Magnolia Mall and the Tracetown Shopping Center, both which sit in areas with high traffic and plenty of exposure, have multiple empty storefronts.

Tracetown Shopping Center’s property manager, Ted Autterson, said a decision has been made to do some work at the site in hopes of attracting more businesses.

“The owners (JW Properties Inc.) have made the decision to demolish the Sears complex and old cinema building because they are functionally obsolete,” Autterson said. “That building is old, and it would cost more to retrofit it for current use versus knocking it down. I think it will create a lot of excitement, and more importantly open up a tremendous opportunity to bring someone there to anchor where the Sears building was.”

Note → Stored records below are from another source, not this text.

(* Let $\Gamma\subset SU(2)$ be finite and $\mathbb{V}=(\mathbb{C}^2\setminus\{0\})/\Gamma$ with its standard complex structure, flat metric $g_0$ and Levi-Civita connection $\nabla_0$, and let $S^1=\{\lambda\in\mathbb{C}:|\lambda|=1\}$ act on $\mathbb{V}$ by scalar multiplication. Let $\gamma\in\Omega^1(\mathbb{V})$ be $S^1$-invariant, with $d\gamma$ of type $(1,1)$ and $|\nabla_0^k\gamma|_{g_0}=O(r^{-3-k})$ as $r\to\infty$ for all $k\ge0$, where $r=\|\cdot\|$. Then there is an $S^1$-invariant $\psi\in C^\infty(\mathbb{V})$ such that $d\gamma=\sqrt{-1}\partial\bar\partial\psi$ and $|\nabla_0^k\psi|_{g_0}=O(r^{-2-k})$ as $r\to\infty$ for all $k\ge0$. *)

theory Defs
  imports "HOL-Analysis.Analysis" "HOL-Library.Landau_Symbols"
begin

text \<open>Points of C^2 are vectors of type complex^2 (a real normed vector space of real
dimension 4). All derivatives are real (Frechet) derivatives.\<close>

definition conj_transpose :: "complex^2^2 \<Rightarrow> complex^2^2" where
  "conj_transpose A = (\<chi> i j. cnj (A $ j $ i))"

definition SU2 :: "(complex^2^2) set" where
  "SU2 = {A. A ** conj_transpose A = mat 1 \<and> det A = 1}"

definition dirD :: "('a::real_normed_vector \<Rightarrow> 'b::real_normed_vector) \<Rightarrow> 'a \<Rightarrow> 'a \<Rightarrow> 'b" where
  "dirD f v x = frechet_derivative f (at x) v"

fun pd :: "'a::real_normed_vector list \<Rightarrow> ('a \<Rightarrow> 'b::real_normed_vector) \<Rightarrow> 'a \<Rightarrow> 'b" where
  "pd [] f = f"
| "pd (v # vs) f = dirD (pd vs f) v"

definition smooth_on :: "'a::real_normed_vector set \<Rightarrow> ('a \<Rightarrow> 'b::real_normed_vector) \<Rightarrow> bool" where
  "smooth_on U f \<longleftrightarrow> (\<forall>vs. \<forall>x\<in>U. pd vs f differentiable (at x))"

text \<open>A smooth real 1-form on U: at each point a real-linear functional,
  with smooth coefficients (gamma x v = gamma_x(v)).\<close>
definition smooth_1form_on :: "'a::real_normed_vector set \<Rightarrow> ('a \<Rightarrow> 'a \<Rightarrow> 'b::real_normed_vector) \<Rightarrow> bool" where
  "smooth_1form_on U \<gamma> \<longleftrightarrow> (\<forall>x\<in>U. linear (\<gamma> x)) \<and> (\<forall>v. smooth_on U (\<lambda>x. \<gamma> x v))"

definition extd :: "('a::real_normed_vector \<Rightarrow> 'a \<Rightarrow> 'b::real_normed_vector) \<Rightarrow> 'a \<Rightarrow> 'a \<Rightarrow> 'a \<Rightarrow> 'b" where
  "extd \<alpha> x u v = dirD (\<lambda>y. \<alpha> y v) u x - dirD (\<lambda>y. \<alpha> y u) v x"

definition Jmul :: "complex^2 \<Rightarrow> complex^2" where
  "Jmul v = \<i> *s v"

text \<open>A real 2-form omega on C^2 is of type (1,1) iff omega(Ju,Jv) = omega(u,v).\<close>
definition type11_on :: "(complex^2) set \<Rightarrow> (complex^2 \<Rightarrow> complex^2 \<Rightarrow> complex^2 \<Rightarrow> real) \<Rightarrow> bool" where
  "type11_on U \<omega> \<longleftrightarrow> (\<forall>x\<in>U. \<forall>u v. \<omega> x (Jmul u) (Jmul v) = \<omega> x u v)"

definition dbar :: "(complex^2 \<Rightarrow> real) \<Rightarrow> complex^2 \<Rightarrow> complex^2 \<Rightarrow> complex" where
  "dbar \<psi> x v = (complex_of_real (dirD \<psi> v x) + \<i> * complex_of_real (dirD \<psi> (Jmul v) x)) / 2"

text \<open>sqrt(-1) d dbar psi = sqrt(-1) (partial dbar psi), as a (complex-valued, in fact real) 2-form.\<close>
definition i_ddbar :: "(complex^2 \<Rightarrow> real) \<Rightarrow> complex^2 \<Rightarrow> complex^2 \<Rightarrow> complex^2 \<Rightarrow> complex" where
  "i_ddbar \<psi> x u v = \<i> * extd (dbar \<psi>) x u v"

end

Autterson said demolishing the buildings will allow a better vision as to how much property is there and create awareness of it.

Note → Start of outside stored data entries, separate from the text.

definition A_Gamma_pairing ::
  "real^2 \<Rightarrow> real^2 \<Rightarrow> real^2 \<Rightarrow> (real^2 \<Rightarrow> real) \<Rightarrow> (real^2 \<Rightarrow> real) \<Rightarrow> real" where
  "A_Gamma_pairing c ep em u v =
     Gamma_Gamma_integral c ep em (\<lambda>y x. u y * v x * norm (x - y) powr (-1/2))"

definition frakK :: "real \<Rightarrow> real \<Rightarrow> real" where
  "frakK \<alpha> \<tau> = (4 * (sin \<alpha>)^2 + (sqrt \<tau> - 1 / sqrt \<tau>)^2) powr (-1/4)"

text \<open>\<langle>A^\<plusminus>_\<theta> p, q\<rangle>_{R+}; \<sigma> = 1 for +, \<sigma> = -1 for -. The pair z = (s,t).\<close>
definition A_theta_pairing ::
  "real \<Rightarrow> real \<Rightarrow> (real \<Rightarrow> real) \<Rightarrow> (real \<Rightarrow> real) \<Rightarrow> real" where
  "A_theta_pairing \<sigma> \<theta> p q =
     (LINT z : {0<..} \<times> {0<..} | lborel \<Otimes>\<^sub>M lborel.
        (frakK 0 (snd z / fst z) + \<sigma> * frakK \<theta> (snd z / fst z)) * p (fst z) * q (snd z)
          * (fst z * snd z) powr (-1/4))"

end

theory Submission
  imports Defs
begin

(* Parametrise both rays by arc length. On one ray |x - y| = |t - s|, across the two rays the
   law of cosines gives |t e_b - s e_a|^2 = s^2 + t^2 - 2 s t cos(2 theta), and
   (s t)^(-1/4) K_alpha(t/s) = (s^2 + t^2 - 2 s t cos(2 alpha))^(-1/4) turns both kernels of
   A^+-_theta into these two. Expanding Theta_Gamma, the two same-ray integrals contribute
   (p q + p~ q~) times the same-ray kernel and the two cross-ray integrals (p q - p~ q~) times
   the cross-ray kernel. Splitting and recombining the integrals is legitimate because both
   kernels are bounded by C (|t - s|^(-1/2) + 1) on squares [a,b]^2 with a > 0, which is
   integrable there, while the test functions are bounded and supported in such a square. *)

lemma integrable_abs_diff_powr_square:
  fixes a b r :: real
  assumes "a \<le> b" and "-1 < r"
  shows "integrable (lborel \<Otimes>\<^sub>M lborel)
     (\<lambda>z. indicator ({a..b} \<times> {a..b}) z * \<bar>snd z - fst z\<bar> powr r)"
proof (rule integrableI_bounded)
  define L where "L = b - a"
  define g where "g u = indicator {0..L} u * u powr r" for u :: real
  have [measurable]: "g \<in> borel_measurable borel"
    unfolding g_def by measurable
  have g_nonneg: "0 \<le> g u" for u
    by (simp add: g_def indicator_def)
  define G where "G = ennreal (L powr (r + 1) / (r + 1))"
  have "(\<integral>\<^sup>+u. ennreal (g u) \<partial>lborel) = G"
    using nn_integral_has_integral_lebesgue[OF _ has_integral_powr_from_0[of r L]] assms
    by (simp add: g_def G_def L_def)
  then have right: "(\<integral>\<^sup>+t. ennreal (g (t - s)) \<partial>lborel) = G"
    and left: "(\<integral>\<^sup>+t. ennreal (g (s - t)) \<partial>lborel) = G" for s
    using nn_integral_real_affine[of "\<lambda>u. ennreal (g u)" 1 "-s"]
      nn_integral_real_affine[of "\<lambda>u. ennreal (g u)" "-1" s]
    by simp_all
  have inner: "(\<integral>\<^sup>+t. ennreal (indicator ({a..b} \<times> {a..b}) (s, t) * \<bar>t - s\<bar> powr r) \<partial>lborel)
      \<le> indicator {a..b} s * (2 * G)" for s
  proof (cases "s \<in> {a..b}")
    case s: True
    have "(\<integral>\<^sup>+t. ennreal (indicator ({a..b} \<times> {a..b}) (s, t) * \<bar>t - s\<bar> powr r) \<partial>lborel)
        \<le> (\<integral>\<^sup>+t. ennreal (g (t - s)) + ennreal (g (s - t)) \<partial>lborel)"
    proof (rule nn_integral_mono)
      fix t
      have "indicator ({a..b} \<times> {a..b}) (s, t) * \<bar>t - s\<bar> powr r \<le> g (t - s) + g (s - t)"
        using s g_nonneg by (cases "s \<le> t") (auto simp: g_def indicator_def L_def)
      then show "ennreal (indicator ({a..b} \<times> {a..b}) (s, t) * \<bar>t - s\<bar> powr r)
          \<le> ennreal (g (t - s)) + ennreal (g (s - t))"
        using g_nonneg by (simp add: ennreal_plus[symmetric] del: ennreal_plus)
    qed
    also have "\<dots> = 2 * G"
      by (subst nn_integral_add) (auto simp: right left mult_2)
    finally show ?thesis
      using s by simp
  next
    case False
    then have "indicator ({a..b} \<times> {a..b}) (s, t) = (0::real)" for t
      by (auto simp: indicator_def)
    with False show ?thesis
      by simp
  qed
  have "(\<integral>\<^sup>+z. ennreal (norm (indicator ({a..b} \<times> {a..b}) z * \<bar>snd z - fst z\<bar> powr r))
          \<partial>(lborel \<Otimes>\<^sub>M lborel))
      = (\<integral>\<^sup>+s. \<integral>\<^sup>+t. ennreal (indicator ({a..b} \<times> {a..b}) (s, t) * \<bar>t - s\<bar> powr r) \<partial>lborel \<partial>lborel)"
    by (simp add: lborel.nn_integral_fst[symmetric] abs_mult)
  also have "\<dots> \<le> (\<integral>\<^sup>+s. indicator {a..b} s * (2 * G) \<partial>lborel)"
    by (intro nn_integral_mono inner)
  also have "\<dots> = 2 * G * emeasure lborel {a..b}"
    by (simp add: nn_integral_cmult_indicator mult.commute)
  also have "\<dots> < \<infinity>"
    using assms by (simp add: G_def ennreal_mult_less_top)
  finally show "(\<integral>\<^sup>+z. ennreal (norm (indicator ({a..b} \<times> {a..b}) z * \<bar>snd z - fst z\<bar> powr r))
      \<partial>(lborel \<Otimes>\<^sub>M lborel)) < \<infinity>" .
qed measurable

definition Cc_Rplus :: "(real \<Rightarrow> real) \<Rightarrow> bool" where
  "Cc_Rplus f \<longleftrightarrow> continuous_on {0<..} f \<and>
     (\<exists>a b. 0 < a \<and> a \<le> b \<and> (\<forall>t>0. (t < a \<or> b < t) \<longrightarrow> f t = 0))"

lemma Cc_Rplus_if_C0inf_Rplus:
  assumes "C0inf_Rplus f"
  shows "Cc_Rplus f"
proof -
  have "\<forall>t>0. f differentiable (at t)"
    using assms unfolding C0inf_Rplus_def by (metis funpow_0)
  then have "continuous_on {0<..} f"
    by (intro continuous_at_imp_continuous_on) (auto intro: differentiable_imp_continuous_within)
  with assms show ?thesis
    unfolding C0inf_Rplus_def Cc_Rplus_def by blast
qed

lemma Cc_Rplus_common_support:
  assumes "Cc_Rplus f" and "Cc_Rplus g"
  obtains a b where "0 < a" and "a \<le> b"
    and "\<And>t. 0 < t \<Longrightarrow> t \<notin> {a..b} \<Longrightarrow> f t = 0 \<and> g t = 0"
proof -
  obtain a1 b1 where "0 < a1" "a1 \<le> b1" "\<forall>t>0. (t < a1 \<or> b1 < t) \<longrightarrow> f t = 0"
    using assms(1) unfolding Cc_Rplus_def by blast
  moreover obtain a2 b2 where "0 < a2" "a2 \<le> b2" "\<forall>t>0. (t < a2 \<or> b2 < t) \<longrightarrow> g t = 0"
    using assms(2) unfolding Cc_Rplus_def by blast
  ultimately show ?thesis
    by (intro that[of "min a1 a2" "max b1 b2"]) auto
qed

lemma Cc_Rplus_lincomb:
  assumes "Cc_Rplus f" and "Cc_Rplus g"
  shows "Cc_Rplus (\<lambda>s. x * f s + y * g s)"
proof -
  obtain a b where "0 < a" "a \<le> b" "\<And>t. 0 < t \<Longrightarrow> t \<notin> {a..b} \<Longrightarrow> f t = 0 \<and> g t = 0"
    using Cc_Rplus_common_support[OF assms] by blast
  moreover have "continuous_on {0<..} (\<lambda>s. x * f s + y * g s)"
    using assms unfolding Cc_Rplus_def by (intro continuous_intros) auto
  ultimately show ?thesis
    unfolding Cc_Rplus_def by (intro conjI exI[of _ a] exI[of _ b]) auto
qed

lemma Cc_Rplus_bounded:
  assumes "Cc_Rplus f"
  obtains M where "\<And>t. 0 < t \<Longrightarrow> \<bar>f t\<bar> \<le> M"
proof -
  obtain a b where ab: "0 < a" "a \<le> b" "\<forall>t>0. (t < a \<or> b < t) \<longrightarrow> f t = 0"
    using assms unfolding Cc_Rplus_def by blast
  have "compact (f ` {a..b})"
    using assms ab unfolding Cc_Rplus_def
    by (intro compact_continuous_image) (auto intro: continuous_on_subset)
  then obtain M where M: "\<And>t. t \<in> {a..b} \<Longrightarrow> \<bar>f t\<bar> \<le> M"
    using compact_imp_bounded bounded_iff by (metis imageI real_norm_def)
  show ?thesis
  proof (rule that[of "max M 0"])
    fix t :: real
    assume "0 < t"
    then show "\<bar>f t\<bar> \<le> max M 0"
      using ab M[of t] by (cases "t \<in> {a..b}") auto
  qed
qed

“It’s a great spot that can be marketed,” Autterson said. “We are aggressively seeking an anchor, but we hope it opens an opportunity for anyone who knows of a use, or has a use, to see potential. We have good relationship with the city and this is something I wanted to get done, but it was not an overnight decision. It’s an expensive proposition.”

Audtterson said site owners are taking the Sears building down to the slab, and completely removing the slab from the cinema building because of a sloping floor.

“We will level it and tie it into the open field next door so we can really see what we have,” Autterson said. “We welcome any assistance, like help with ideas to find out what Natchez really needs in that spot. It becomes a community effort. It’s big news.”

Autterson said the buildings will soon be stripped inside, in an approximate 30-day process before structures start coming down.

Russ said he has discussed financing options, such as tax-increment financing, to help boost business, with the shopping center managers.

Magnolia Mall’s building owner, Robert Jeansonne, said he wants to attract new, established businesses but expects the economic atmosphere is affecting the interest level.

“We do have several empty buildings, and we’re running ads on the Internet and on the buildings,” Jeansonne said.

Jeansonne, who is based in Denham Springs, La., and visits Natchez weekly, said he has been getting mostly inquiries from small independent people who want to start a business for the first time, and that is not the market he wants to reach for Magnolia Mall.

“I’m looking for someone that has a track record,” Jeansonne said.

He said because of the large size of much of the available space, he wants well-established businesses that can afford to rent the available area.

“We’d love to get another grocery store back in there,” Jeansonne said.

He said the former Walmart space has potential to be used by a storage company or heavy equipment facility.

Jeansonne said he receives inquiries about the space approximately once a week, but they are often not the established businesses he has in mind for the available space.

Signs currently outside the mall advertising a new owner need to be removed, he said, since the sale fell through.

Jeansonne said he has hopes that he will attract new businesses to the mall soon.

“I’m hoping somebody calls me Monday; the price is negotiable,” he said.

He said those interested in leasing the buildings should call his office at 225-664-3617.

“Most of those are high-value, high-traffic commercial properties, and it’s a benefit to both the city and county to have them functioning at a high level,” Russ said.

“If we can help entice those owners to make additional investments into those properties that can yield a return for city and county, then we definitely will explore those options, he said.

Environmental

The space occupied in the early 2000s by the horticultural business Stewart Orchids was purchased two years ago by a local family who owned the adjacent property.

Wayne Johnson bought the vacant nursery facility on Industrial Park Road near the airport after it was for sale for five or six years.

“Right now we’re using it for storage, for my tractors and equipment,” said Johnson, who is involved in the horse industry.

He said he plans to put a roof on the facility and use it for barns and eventually take down the greenhouses and sell the structure.